Steps 3 and 6 require additional tools, as follows.
Profiling codes on the SP
- Recompile with the -pg option:
xlf -pg -O3 -qhot ...
- Run the executable as usual
- This produces the trace file: gmon.out
- Use gprof to view the profile:
gprof executable_name gmon.out
[ Note: this type of profiling adds overhead. Recompile without -pg
before doing any production runs! ]
Here's a snippet of gprof output, from the "call graph profile:"
called/total parents
index %time self descendents called+self name index
called/total children
0.05 0.00 515084/4435146 .endpolpr [17]
0.05 0.00 553902/4435146 .endpolpl [15]
0.26 0.00 2836611/4435146 .endpolp2 [3]
[13] 4.7 0.40 0.00 4435146 ._log [13]
0.00 0.00 12/23 ._Errno [193]
This calling tree tells us that log is called by endpolpr,
endpolpl, endpolp2 and that log takes 4.7% of the code's total run
time. (4.7% may not be worth worrying about.) It also tells us that
log calls Errno.
From this, we know to examine the potential of subroutine endpolp2 for
the replacement of log with vlog. To avoid wasting time, we must
first determine if XLF has already done this, as described next.
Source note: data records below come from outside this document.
(* Let $G$ be a finite graph, let $(C,D)$ be an ordered partition of $V(G)$, let $c_0\in C$ and $d_0\in D$, and let $(V_1,\dots,V_k)$ be a $D$-twin partition of $C$. Then \[\mathrm{dist}_G(c_0,d_0)=\min_{i\in[k]}\bigl(\mathrm{dist}_G(c_0,V_i)+\mathrm{dist}_{G[V_i\cup D]}(V_i,d_0)\bigr).\]
   Context: An ordered partition of a set is a finite sequence of pairwise disjoint (possibly empty) subsets whose union is the set. For a partition $\{C,D\}$ of $V(G)$, a $D$-twin partition of $C$ is a partition $(V_1,\dots,V_k)$ of $C$ (parts may be empty) such that for each $i$ and all $u,v\in V_i$, $N_G(u)\cap D=N_G(v)\cap D$. $\mathrm{dist}_G$ is shortest-path distance ($\infty$ if no path); for sets, $\mathrm{dist}_G(U,x)=\min_{u\in U}\mathrm{dist}_G(u,x)$ with $\min\emptyset=\infty$. $G[W]$ denotes the induced subgraph. *)

theory Defs
  imports Main "HOL-Library.Extended_Nat"
begin

definition finite_graph :: "'a set \<Rightarrow> ('a \<Rightarrow> 'a \<Rightarrow> bool) \<Rightarrow> bool" where
  "finite_graph V E \<longleftrightarrow> finite V \<and> (\<forall>u v. E u v \<longrightarrow> E v u) \<and> (\<forall>u. \<not> E u u)
     \<and> (\<forall>u v. E u v \<longrightarrow> u \<in> V \<and> v \<in> V)"

definition walk_in :: "'a set \<Rightarrow> ('a \<Rightarrow> 'a \<Rightarrow> bool) \<Rightarrow> 'a list \<Rightarrow> bool" where
  "walk_in W E xs \<longleftrightarrow> xs \<noteq> [] \<and> set xs \<subseteq> W \<and> (\<forall>i. Suc i < length xs \<longrightarrow> E (xs ! i) (xs ! Suc i))"

text \<open>Shortest-path distance in G[W] (infinity if no path).\<close>

definition gdist :: "'a set \<Rightarrow> ('a \<Rightarrow> 'a \<Rightarrow> bool) \<Rightarrow> 'a \<Rightarrow> 'a \<Rightarrow> enat" where
  "gdist W E u v = Inf {enat (length xs - 1) | xs. walk_in W E xs \<and> hd xs = u \<and> last xs = v}"

text \<open>Distance in G[W] from a vertex set U to a vertex x (infinity if U is empty).\<close>

definition gsetdist :: "'a set \<Rightarrow> ('a \<Rightarrow> 'a \<Rightarrow> bool) \<Rightarrow> 'a set \<Rightarrow> 'a \<Rightarrow> enat" where
  "gsetdist W E U x = Inf {gdist W E u x | u. u \<in> U}"

end

theory Submission
  imports Defs
begin

text \<open>
  A shortest c0-d0 walk leaves C for the last time at some vertex w, say w \<in> V_i; the part up to w
  bounds dist(c0, V_i) and the part from w on runs in G[V_i \<union> D], which gives \<ge>.
  Conversely, take a shortest walk from c0 to some u \<in> V_i and a shortest walk in G[V_i \<union> D] from
  some u' \<in> V_i to d0. The last V_i-vertex of the second walk is followed by a vertex of D, which is
  also adjacent to u since u and that vertex are D-twins; splicing there gives \<le>.
\<close>

lemma walk_in_Cons:
  "walk_in W E (x # xs) \<longleftrightarrow> x \<in> W \<and> (xs = [] \<or> E x (hd xs) \<and> walk_in W E xs)"
proof (cases xs)
  case (Cons y ys)
  have "(\<forall>i. Suc i < length (x # xs) \<longrightarrow> E ((x # xs) ! i) ((x # xs) ! Suc i)) \<longleftrightarrow>
        E x y \<and> (\<forall>i. Suc i < length xs \<longrightarrow> E (xs ! i) (xs ! Suc i))"
    using Cons by (auto simp: All_less_Suc2 simp del: length_Cons)
  then show ?thesis using Cons by (auto simp: walk_in_def)
qed (simp add: walk_in_def)

lemma walk_in_append:
  assumes "walk_in W E xs" "walk_in W E ys" "E (last xs) (hd ys)"
  shows "walk_in W E (xs @ ys)"
  using assms by (induction xs rule: induct_list012) (auto simp: walk_in_Cons)

lemma walk_in_rev:
  assumes "symp E" "walk_in W E xs"
  shows "walk_in W E (rev xs)"
  using assms(2)
proof (induction xs)
  case (Cons x xs)
  show ?case
  proof (cases "xs = []")
    case False
    then have "walk_in W E (rev xs)" "E (last (rev xs)) (hd [x])" "walk_in W E [x]"
      using Cons by (auto simp: walk_in_Cons last_rev sympD[OF assms(1)])
    then show ?thesis by (simp add: walk_in_append)
  qed (use Cons.prems in simp)
qed (simp add: walk_in_def)

lemma walk_in_take: "walk_in W E xs \<Longrightarrow> 0 < n \<Longrightarrow> walk_in W E (take n xs)"
  by (auto simp: walk_in_def dest: in_set_takeD)

lemma walk_in_drop: "walk_in W E xs \<Longrightarrow> n < length xs \<Longrightarrow> walk_in W E (drop n xs)"
  by (auto simp: walk_in_def dest: in_set_dropD)

lemma walk_in_if_set_subset: "walk_in W E xs \<Longrightarrow> set xs \<subseteq> W' \<Longrightarrow> walk_in W' E xs"
  by (auto simp: walk_in_def)

lemma walk_in_mono: "walk_in W E xs \<Longrightarrow> W \<subseteq> W' \<Longrightarrow> walk_in W' E xs"
  by (auto simp: walk_in_def)

lemma exists_last_index_satisfying:
  assumes "xs \<noteq> []" "P (hd xs)" "\<not> P (last xs)"
  obtains j where "Suc j < length xs" "P (xs ! j)" "\<And>m. j < m \<Longrightarrow> m < length xs \<Longrightarrow> \<not> P (xs ! m)"
proof -
  let ?M = "{m. m < length xs \<and> P (xs ! m)}"
  define j where "j = Max ?M"
  have "0 \<in> ?M" using assms by (simp add: hd_conv_nth)
  then have "j \<in> ?M" unfolding j_def by (intro Max_in) auto
  then have j: "j < length xs" "P (xs ! j)" by auto
  have "m \<le> j" if "m \<in> ?M" for m
    unfolding j_def by (rule Max_ge) (use that in auto)
  then have after_j: "\<not> P (xs ! m)" if "j < m" "m < length xs" for m
    using that by fastforce
  have "j \<noteq> length xs - 1" using j assms by (metis last_conv_nth)
  with j have "Suc j < length xs" by linarith
  with j after_j show ?thesis using that by blast
qed

lemma Inf_enat_mem:
  fixes S :: "enat set"
  assumes "Inf S \<noteq> \<infinity>"
  shows "Inf S \<in> S"
proof -
  have "S \<noteq> {}" using assms by (auto simp: top_enat_def)
  then show ?thesis by (auto intro: wellorder_InfI)
qed

lemma gdist_le_walk: "walk_in W E xs \<Longrightarrow> gdist W E (hd xs) (last xs) \<le> enat (length xs - 1)"
  unfolding gdist_def by (rule Inf_lower) blast

lemma gdist_attained_by_walk:
  assumes "gdist W E u v \<noteq> \<infinity>"
  obtains xs where "walk_in W E xs" "hd xs = u" "last xs = v" "gdist W E u v = enat (length xs - 1)"
  using Inf_enat_mem[OF assms[unfolded gdist_def]] that unfolding gdist_def by blast

lemma gdist_mono: "W \<subseteq> W' \<Longrightarrow> gdist W' E u v \<le> gdist W E u v"
  unfolding gdist_def by (rule Inf_superset_mono) (auto intro: walk_in_mono)

lemma gdist_commute:
  assumes "symp E"
  shows "gdist W E u v = gdist W E v u"
proof -
  have le: "gdist W E y x \<le> gdist W E x y" for x y
  proof (cases "gdist W E x y = \<infinity>")
    case False
    then obtain xs where xs: "walk_in W E xs" "hd xs = x" "last xs = y" "gdist W E x y = enat (length xs - 1)"
      by (rule gdist_attained_by_walk)
    have "gdist W E (hd (rev xs)) (last (rev xs)) \<le> enat (length (rev xs) - 1)"
      using walk_in_rev[OF assms xs(1)] by (rule gdist_le_walk)
    with xs show ?thesis by (simp add: hd_rev last_rev)
  qed simp
  show ?thesis by (rule antisym[OF le le])
qed

lemma gdist_le_via_edge:
  assumes "E v v'"
  shows "gdist W E u w \<le> gdist W E u v + 1 + gdist W E v' w"
proof (cases "gdist W E u v = \<infinity> \<or> gdist W E v' w = \<infinity>")
  case False
  then obtain xs ys where
    xs: "walk_in W E xs" "hd xs = u" "last xs = v" "gdist W E u v = enat (length xs - 1)" and
    ys: "walk_in W E ys" "hd ys = v'" "last ys = w" "gdist W E v' w = enat (length ys - 1)"
    by (metis gdist_attained_by_walk)
  then have "gdist W E u w \<le> enat (length (xs @ ys) - 1)"
    using gdist_le_walk[OF walk_in_append[OF xs(1) ys(1)]] assms by (simp add: walk_in_def)
  also have "length (xs @ ys) - 1 = (length xs - 1) + 1 + (length ys - 1)"
    using xs(1) ys(1) by (cases xs; cases ys) (auto simp: walk_in_def)
  also have "enat \<dots> = gdist W E u v + 1 + gdist W E v' w"
    using xs(4) ys(4) by (simp add: one_enat_def)
  finally show ?thesis .
qed (elim disjE; simp)

lemma gsetdist_le_gdist: "u \<in> U \<Longrightarrow> gsetdist W E U x \<le> gdist W E u x"
  unfolding gsetdist_def by (rule Inf_lower) blast

lemma gsetdist_attained:
  assumes "gsetdist W E U x \<noteq> \<infinity>"
  obtains u where "u \<in> U" "gsetdist W E U x = gdist W E u x"
  using Inf_enat_mem[OF assms[unfolded gsetdist_def]] that unfolding gsetdist_def by blast

lemma gdist_split_at_last_vertex_in:
  assumes "c \<in> C" "d \<notin> C"
  obtains w where "w \<in> C" "gdist W E c w + gdist (insert w (W - C)) E w d \<le> gdist W E c d"
proof (cases "gdist W E c d = \<infinity>")
  case True
  then show ?thesis using that assms(1) by simp
next
  case False
  then obtain xs where
    xs: "walk_in W E xs" "hd xs = c" "last xs = d" "gdist W E c d = enat (length xs - 1)"
    by (rule gdist_attained_by_walk)
  obtain j where j: "Suc j < length xs" "xs ! j \<in> C"
    and after_j: "\<And>m. j < m \<Longrightarrow> m < length xs \<Longrightarrow> xs ! m \<notin> C"
    using exists_last_index_satisfying[of xs "\<lambda>x. x \<in> C"] xs(1-3) assms by (auto simp: walk_in_def)
  let ?w = "xs ! j"
  have "gdist W E (hd (take (Suc j) xs)) (last (take (Suc j) xs)) \<le> enat (length (take (Suc j) xs) - 1)"
    by (rule gdist_le_walk[OF walk_in_take[OF xs(1)]]) simp
  moreover have "last (take (Suc j) xs) = ?w" using j(1) by (simp add: take_Suc_conv_app_nth)
  ultimately have prefix: "gdist W E c ?w \<le> enat j"
    using xs(2) j(1) by simp
  have "drop j xs = ?w # drop (Suc j) xs" using j(1) by (simp add: Cons_nth_drop_Suc)
  moreover have "set (drop (Suc j) xs) \<subseteq> W - C"
  proof
    fix x assume "x \<in> set (drop (Suc j) xs)"
    then obtain m where "m < length (drop (Suc j) xs)" "x = drop (Suc j) xs ! m"
      by (metis in_set_conv_nth)
    then show "x \<in> W - C" using xs(1) after_j[of "Suc j + m"] by (auto simp: walk_in_def)
  qed
  ultimately have "set (drop j xs) \<subseteq> insert ?w (W - C)" by auto
  then have "walk_in (insert ?w (W - C)) E (drop j xs)"
    using j(1) by (intro walk_in_if_set_subset[OF walk_in_drop[OF xs(1)]]) simp_all
  from gdist_le_walk[OF this] have suffix: "gdist (insert ?w (W - C)) E ?w d \<le> enat (length xs - 1 - j)"
    using xs(3) j(1) by (simp add: hd_drop_conv_nth)
  have "gdist W E c ?w + gdist (insert ?w (W - C)) E ?w d \<le> enat j + enat (length xs - 1 - j)"
    using prefix suffix by (rule add_mono)
  also have "\<dots> = gdist W E c d" using xs(4) j(1) by simp
  finally show ?thesis using that j(2) by blast
qed

lemma gdist_le_via_twin:
  assumes twins: "\<forall>u\<in>U. \<forall>v\<in>U. {x\<in>D. E u x} = {x\<in>D. E v x}"
    and "U \<union> D \<subseteq> W" "u \<in> U" "u' \<in> U" "d \<notin> U"
  shows "gdist W E c d \<le> gdist W E c u + gdist (U \<union> D) E u' d"
proof (cases "gdist (U \<union> D) E u' d = \<infinity>")
  case True
  then show ?thesis by simp
next
  case False
  then obtain ys where
    ys: "walk_in (U \<union> D) E ys" "hd ys = u'" "last ys = d" "gdist (U \<union> D) E u' d = enat (length ys - 1)"
    by (rule gdist_attained_by_walk)
  obtain j where j: "Suc j < length ys" "ys ! j \<in> U"
    and after_j: "\<And>m. j < m \<Longrightarrow> m < length ys \<Longrightarrow> ys ! m \<notin> U"
    using exists_last_index_satisfying[of ys "\<lambda>x. x \<in> U"] ys(1-3) assms(4,5) by (auto simp: walk_in_def)
  let ?x = "ys ! Suc j"
  have "?x \<in> set ys" using j(1) by simp
  then have "?x \<in> D" using ys(1) after_j[of "Suc j"] j(1) unfolding walk_in_def by blast
  moreover have "E (ys ! j) ?x" using ys(1) j(1) by (simp add: walk_in_def)
  ultimately have "E u ?x" using twins assms(3) j(2) by blast
  then have "gdist W E c d \<le> gdist W E c u + 1 + gdist W E ?x d" by (rule gdist_le_via_edge)
  also have "gdist W E ?x d \<le> enat (length ys - 1 - Suc j)"
    using gdist_le_walk[OF walk_in_drop[OF walk_in_mono[OF ys(1) assms(2)] j(1)]] ys(3) j(1)
    by (simp add: hd_drop_conv_nth)
  then have "gdist W E c u + 1 + gdist W E ?x d \<le> gdist W E c u + (1 + enat (length ys - 1 - Suc j))"
    by (simp add: add.assoc add_left_mono)
  also have "1 + enat (length ys - 1 - Suc j) \<le> gdist (U \<union> D) E u' d"
    using ys(4) j(1) by (simp add: one_enat_def)
  finally show ?thesis by (simp add: add_left_mono)
qed

lemma gdist_le_gsetdist_via_twin_class:
  assumes "symp E"
    and twins: "\<forall>u\<in>U. \<forall>v\<in>U. {x\<in>D. E u x} = {x\<in>D. E v x}"
    and "U \<union> D \<subseteq> W" "d \<notin> U"
  shows "gdist W E c d \<le> gsetdist W E U c + gsetdist (U \<union> D) E U d"
proof (cases "gsetdist W E U c = \<infinity> \<or> gsetdist (U \<union> D) E U d = \<infinity>")
  case True
  then show ?thesis by (elim disjE) simp_all
next
  case False
  then obtain u u' where "u \<in> U" "gsetdist W E U c = gdist W E u c"
    and "u' \<in> U" "gsetdist (U \<union> D) E U d = gdist (U \<union> D) E u' d"
    by (metis gsetdist_attained)
  with gdist_le_via_twin[OF twins assms(3) \<open>u \<in> U\<close> \<open>u' \<in> U\<close> assms(4)] show ?thesis
    by (simp add: gdist_commute[OF \<open>symp E\<close>, where W = W and u = u and v = c])
qed

theorem lemma6p1:
  fixes V C D :: "'a set" and E :: "'a \<Rightarrow> 'a \<Rightarrow> bool"
    and k :: nat and Vs :: "nat \<Rightarrow> 'a set" and c0 d0 :: 'a
  assumes "finite_graph V E"
    and "C \<inter> D = {}" and "C \<union> D = V"
    and "c0 \<in> C" and "d0 \<in> D"
    and "\<forall>i\<in>{1..k}. \<forall>j\<in>{1..k}. i \<noteq> j \<longrightarrow> Vs i \<inter> Vs j = {}"
    and "(\<Union>i\<in>{1..k}. Vs i) = C"
    and "\<forall>i\<in>{1..k}. \<forall>u\<in>Vs i. \<forall>v\<in>Vs i. {w\<in>D. E u w} = {w\<in>D. E v w}"
  shows "gdist V E c0 d0 =
           Min ((\<lambda>i. gsetdist V E (Vs i) c0 + gsetdist (Vs i \<union> D) E (Vs i) d0) ` {1..k})"
proof -
  define f where "f i = gsetdist V E (Vs i) c0 + gsetdist (Vs i \<union> D) E (Vs i) d0" for i
  have "symp E" using assms(1) by (auto simp: finite_graph_def intro: sympI)
  have upper: "gdist V E c0 d0 \<le> f i" if "i \<in> {1..k}" for i
    unfolding f_def
    by (rule gdist_le_gsetdist_via_twin_class[OF \<open>symp E\<close>]) (use assms(2,3,5,7,8) that in blast)+
  obtain w where w: "w \<in> C" "gdist V E c0 w + gdist (insert w (V - C)) E w d0 \<le> gdist V E c0 d0"
    using gdist_split_at_last_vertex_in[of c0 C d0] assms(2,4,5) by blast
  then obtain i where i: "i \<in> {1..k}" "w \<in> Vs i" using assms(7) by blast
  have "gsetdist V E (Vs i) c0 \<le> gdist V E w c0" by (rule gsetdist_le_gdist[OF i(2)])
  also have "\<dots> = gdist V E c0 w" by (rule gdist_commute[OF \<open>symp E\<close>])
  finally have to_w: "gsetdist V E (Vs i) c0 \<le> gdist V E c0 w" .
  have "insert w (V - C) \<subseteq> Vs i \<union> D" using i(2) assms(3) by blast
  from gdist_mono[OF this] have from_w: "gsetdist (Vs i \<union> D) E (Vs i) d0 \<le> gdist (insert w (V - C)) E w d0"
    by (rule order_trans[OF gsetdist_le_gdist[OF i(2)]])
  have "f i \<le> gdist V E c0 w + gdist (insert w (V - C)) E w d0"
    unfolding f_def using to_w from_w by (rule add_mono)
  with w(2) have "gdist V E c0 d0 = f i" using upper[OF i(1)] by (simp add: antisym)
  then have "gdist V E c0 d0 \<in> f ` {1..k}" using i(1) by blast
  then show ?thesis unfolding f_def[symmetric] using upper by (intro Min_eqI[symmetric]) auto
qed

end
Locate vector intrinsics added/missed by the compiler
- Obtain a compiler report by passing XLF the "-qreport" option:
xlf -qreport -O3 -qhot ...
- view the ".lst" file produced by the compiler.
Here's a snippet from a report. It ain't perty, but you can find
occurances of both _exp and CALL __vexp" in this transformed code.
Remember, in the source code, vexp" didn't exist... the compiler has
rearranged the loops to replace exp with vexp.
@CSE23 = dr(1)
@CSE24 = _exp(-(rrate * %VAL(@CSE23)))
prob[].off0 = p1 * ( 1.0000000000000000E+000 - @CSE24)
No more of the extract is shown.